PauloL wrote: ↑Sun Aug 20, 2017 7:45 pm
uwot wrote: ↑Sun Aug 20, 2017 7:33 pm
I have no serious doubt that evolution occurs, and I am entirely confident that natural selection, by whatever empirically verifiable genetic mechanism, is the most compelling explanation.
I don't doubt evolution occurs either. This is the point missed by a few people here that suspended discussion by flooding this with posts calling me creationist. It's their opinion and they're entitled to be wrong (not only here), the problem is the polluting nature of their flood.
The problem is that I think natural selection is a flawed theory and is supported by circularity not only in their tenets but also in its observational nature.
So, if I understand you correctly, you "don't doubt evolution occurs", but you "think natural selection is a flawed theory". Fair enough; do you have abetter one?
PauloL wrote: ↑Sun Aug 20, 2017 7:45 pmScience isn't theorizing what you observe.
Not sure what you mean by this. If you take a hard nosed instrumentalist (shut up and calculate) approach, then no; the theories you generate to explain the phenomena are irrelevant. Some prominent physicists, Steve Weinberg and Stephen Hawking, for example (dunno about biologists) dismiss any such speculation as philosophy; and then go and do it anyway. Very few scientists, in practice, are as instrumentally pure to the degree they would have us believe.
On the other hand, if you mean to say that science isn't theorising about future observations, it is generally accepted that one of the tests of a theory is its success in doing precisely that. Which perhaps is what you mean by this:
PauloL wrote: ↑Sun Aug 20, 2017 7:45 pmIt's making hypothesis based on what you observe and on your inferences and that can be falsified empirically.
Again though, that is simply to take Popper's Conjectures and Refutations as definitive. Which it isn't.
PauloL wrote: ↑Sun Aug 20, 2017 7:45 pmI accept mitochondrial endosymbiosis, as I told before many times, and I'm not as demanding on its evidence as with Darwin because endosymbiosis makes sense, something natural selection doesn't.

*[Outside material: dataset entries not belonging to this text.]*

(* Let $f\colon X\to X$ be a homeomorphism of a compact metric space $(X,d)$ with the shadowing property. For every $\epsilon>0$ there is $\delta>0$ such that: if $x\in\Omega(f)$, $y\in X$ and $n>0$ satisfy $\epsilon<\gamma:=\max\{d(f^k(x),f^k(y)):0\le k<n\}$ and $\max\{d(x,y),d(f^n(x),f^n(y))\}<\delta$, then there exist $N\ge1$ and a compact set $K\subset X$ with $\sup_{k\in\mathbb{Z}}\operatorname{diam}(f^k(K))\le2\gamma$, $f^N(K)=K$, and $f^N|_K$ semi-conjugate to the full shift on two symbols. In particular $K$ is uncountable and the topological entropy of $f^N|_K$ is at least $\log 2$.
   Context: Shadowing: for every $\varepsilon>0$ there is $\delta>0$ such that for every sequence $(x_k)_{k\in\mathbb{Z}}$ with $d(f(x_k),x_{k+1})<\delta$ for all $k$ there is $y$ with $d(f^k(y),x_k)<\varepsilon$ for all $k\in\mathbb{Z}$. $\Omega(f)$ is the set of non-wandering points: $x$ such that for every open $U\ni x$ there is $k>0$ with $f^k(U)\cap U\ne\emptyset$. $g\colon K\to K$ is semi-conjugate to the full shift $\sigma$ on $\{0,1\}^{\mathbb{Z}}$ if there is a continuous surjection $h\colon K\to\{0,1\}^{\mathbb{Z}}$ with $h\circ g=\sigma\circ h$. *)

theory Defs
  imports "HOL-Analysis.Analysis"
begin

definition zpow :: "('a \<Rightarrow> 'a) \<Rightarrow> ('a \<Rightarrow> 'a) \<Rightarrow> int \<Rightarrow> 'a \<Rightarrow> 'a" where
  "zpow f g k = (if 0 \<le> k then f ^^ nat k else g ^^ nat (- k))"

definition shadowing :: "'a::metric_space set \<Rightarrow> ('a \<Rightarrow> 'a) \<Rightarrow> ('a \<Rightarrow> 'a) \<Rightarrow> bool" where
  "shadowing X f g \<longleftrightarrow>
     (\<forall>e>0. \<exists>d>0. \<forall>xs :: int \<Rightarrow> 'a.
        (\<forall>k. xs k \<in> X) \<and> (\<forall>k. dist (f (xs k)) (xs (k + 1)) < d) \<longrightarrow>
        (\<exists>y\<in>X. \<forall>k. dist (zpow f g k y) (xs k) < e))"

definition nonwandering :: "'a::metric_space set \<Rightarrow> ('a \<Rightarrow> 'a) \<Rightarrow> 'a set" where
  "nonwandering X f = {x \<in> X. \<forall>U. openin (top_of_set X) U \<and> x \<in> U \<longrightarrow>
                                 (\<exists>k>0. (f ^^ k) ` U \<inter> U \<noteq> {})}"

definition shift_top :: "(int \<Rightarrow> bool) topology" where
  "shift_top = product_topology (\<lambda>_. discrete_topology (UNIV :: bool set)) UNIV"

definition full_shift :: "(int \<Rightarrow> bool) \<Rightarrow> (int \<Rightarrow> bool)" where
  "full_shift s = (\<lambda>k. s (k + 1))"

definition semiconj_full_shift :: "('a::metric_space \<Rightarrow> 'a) \<Rightarrow> 'a set \<Rightarrow> bool" where
  "semiconj_full_shift T K \<longleftrightarrow>
     (\<exists>h. continuous_map (top_of_set K) shift_top h \<and> h ` K = topspace shift_top \<and>
          (\<forall>y\<in>K. h (T y) = full_shift (h y)))"

definition separated :: "('a::metric_space \<Rightarrow> 'a) \<Rightarrow> 'a set \<Rightarrow> nat \<Rightarrow> real \<Rightarrow> 'a set \<Rightarrow> bool" where
  "separated T K n e E \<longleftrightarrow> E \<subseteq> K \<and>
     (\<forall>x\<in>E. \<forall>y\<in>E. x \<noteq> y \<longrightarrow> (\<exists>k<n. dist ((T ^^ k) x) ((T ^^ k) y) > e))"

definition max_sep :: "('a::metric_space \<Rightarrow> 'a) \<Rightarrow> 'a set \<Rightarrow> nat \<Rightarrow> real \<Rightarrow> real" where
  "max_sep T K n e = Sup {real (card E) | E. finite E \<and> separated T K n e E}"

definition top_entropy :: "('a::metric_space \<Rightarrow> 'a) \<Rightarrow> 'a set \<Rightarrow> ereal" where
  "top_entropy T K = (SUP e\<in>{0<..}. limsup (\<lambda>n. ereal (ln (max_sep T K n e) / real n)))"

end

theory Submission
  imports Defs
begin

(*
  A nonwandering point x is reached from f^n x by a delta-pseudo-orbit: follow a nearby orbit
  that returns close to x. Prefixing this return chain with the orbit segments of x and of y
  gives two pseudo-periodic words of a common length N, and since x and y are delta-close every
  bi-infinite concatenation of the two words is a pseudo-orbit, hence traced by a true orbit.
  The points whose orbit stays, on every block of length N, within epsilon/4 of one of the words
  form a compact f^N-invariant set K. The words are more than epsilon apart at some time, so each
  block determines its word, and the resulting word sequence semi-conjugates f^N on K onto the
  full shift. Uncountability and entropy at least log 2 hold for any system semi-conjugate to
  the full shift.
*)

lemma funpow_in_invariant: "f ` X \<subseteq> X \<Longrightarrow> z \<in> X \<Longrightarrow> (f ^^ m) z \<in> X"
  by (induction m) auto

lemma continuous_on_funpow:
  assumes "f ` X \<subseteq> X" "continuous_on X f"
  shows "continuous_on X (f ^^ m)"
proof (induction m)
  case (Suc m)
  have "continuous_on X (f \<circ> (f ^^ m))"
    using Suc assms funpow_in_invariant[OF assms(1)]
    by (intro continuous_on_compose) (auto intro: continuous_on_subset)
  then show ?case by (simp add: o_def)
qed (simp add: continuous_on_id)

lemma compact_orbit_segments_close:
  assumes "compact X" "f ` X \<subseteq> X" "continuous_on X f" "e > 0"
  shows "\<exists>\<rho>>0. \<forall>a\<in>X. \<forall>b\<in>X. dist a b < \<rho> \<longrightarrow> (\<forall>k<n. dist ((f ^^ k) a) ((f ^^ k) b) < e)"
proof (induction n)
  case 0 then show ?case by (auto intro: exI[of _ 1])
next
  case (Suc n)
  then obtain \<rho>1 where \<rho>1: "\<rho>1 > 0"
    "\<forall>a\<in>X. \<forall>b\<in>X. dist a b < \<rho>1 \<longrightarrow> (\<forall>k<n. dist ((f ^^ k) a) ((f ^^ k) b) < e)"
    by blast
  have "uniformly_continuous_on X (f ^^ n)"
    using compact_uniformly_continuous[OF continuous_on_funpow[OF assms(2,3)] assms(1)] .
  then obtain \<rho>2 where \<rho>2: "\<rho>2 > 0"
    "\<forall>a\<in>X. \<forall>b\<in>X. dist a b < \<rho>2 \<longrightarrow> dist ((f ^^ n) a) ((f ^^ n) b) < e"
    unfolding uniformly_continuous_on_def using assms(4) by metis
  show ?case
    using \<rho>1 \<rho>2 less_Suc_eq by (intro exI[of _ "min \<rho>1 \<rho>2"]) auto
qed

lemma compact_disjoint_dist_pos:
  fixes S T :: "'a::metric_space set"
  assumes "compact S" "compact T" "S \<inter> T = {}"
  shows "\<exists>\<delta>>0. \<forall>x\<in>S. \<forall>y\<in>T. \<delta> \<le> dist x y"
proof (cases "S \<times> T = {}")
  case True
  then show ?thesis by (auto intro: exI[of _ 1])
next
  case False
  have "continuous_on (S \<times> T) (\<lambda>p. dist (fst p) (snd p))"
    by (intro continuous_intros)
  then obtain p where p: "p \<in> S \<times> T" "\<forall>q\<in>S \<times> T. dist (fst p) (snd p) \<le> dist (fst q) (snd q)"
    using continuous_attains_inf[OF compact_Times[OF assms(1,2)] False] by blast
  moreover have "fst p \<noteq> snd p"
    using p(1) assms(3) by (auto simp: mem_Times_iff)
  ultimately show ?thesis
    by (intro exI[of _ "dist (fst p) (snd p)"]) auto
qed

lemma uncountable_full_shift_space: "uncountable (UNIV :: (int \<Rightarrow> bool) set)"
proof
  assume "countable (UNIV :: (int \<Rightarrow> bool) set)"
  then obtain \<phi> :: "(int \<Rightarrow> bool) \<Rightarrow> nat" where "inj \<phi>"
    by (auto simp: countable_def)
  define s where "s i = (\<not> inv \<phi> (nat i) i)" for i :: int
  have "inv \<phi> (\<phi> s) = s"
    using inv_f_f[OF \<open>inj \<phi>\<close>] .
  then have "s (int (\<phi> s)) = (\<not> s (int (\<phi> s)))"
    by (metis nat_int s_def)
  then show False by simp
qed

lemma continuous_map_to_discrete_bool:
  assumes "closedin (top_of_set K) {z\<in>K. p z}" "closedin (top_of_set K) {z\<in>K. \<not> p z}"
  shows "continuous_map (top_of_set K) (discrete_topology UNIV) p"
  unfolding continuous_map_def
proof (intro conjI allI impI)
  show "p \<in> topspace (top_of_set K) \<rightarrow> topspace (discrete_topology UNIV)" by simp
  fix U :: "bool set"
  have "openin (top_of_set K) (K - {z\<in>K. p z})" "openin (top_of_set K) (K - {z\<in>K. \<not> p z})"
    using assms by (auto intro!: openin_diff)
  moreover have "{z \<in> topspace (top_of_set K). p z \<in> U} =
      (if True \<in> U then (if False \<in> U then K else K - {z\<in>K. \<not> p z})
       else (if False \<in> U then K - {z\<in>K. p z} else {}))"
    by auto (metis (full_types))+
  ultimately show "openin (top_of_set K) {z \<in> topspace (top_of_set K). p z \<in> U}"
    by auto
qed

As I keep saying, biology isn't my field and I have no idea what mitochondrial endosymbiosis is. Couple of things though. Firstly: why is mitochondrial endosymbiosis in opposition to natural selection? Again; what is your better theory? By what mechanism do you explain mito-thingummybob?
Secondly; the fact that anyone accepts an hypothesis because it "makes sense" is never a good sign. More often than not, it simply means they mangled it into a shape they can hammer into their own world-view.
PauloL wrote: ↑Sun Aug 20, 2017 7:45 pmThe examples given here, of which David's nylon bacteria is paradigmatic, demonstrate clearly how nonsense natural selection is.
How? What is your better explanation?
PauloL wrote: ↑Sun Aug 20, 2017 7:45 pmI humanly understand how ashamed they feel to accept that, and Psychology can explain their behavior.
This smacks of an appeal to authority. I think you are assuming a great deal of psychology, by proclaiming that it can back up your interpretation. I rather think psychology might have more success explaining why you interpret things as you do.
PauloL, I may have missed it, in which case by all means direct me to it, but where is your exposition of your alternative to natural selection? How, in your view, does evolution work if not by natural selection?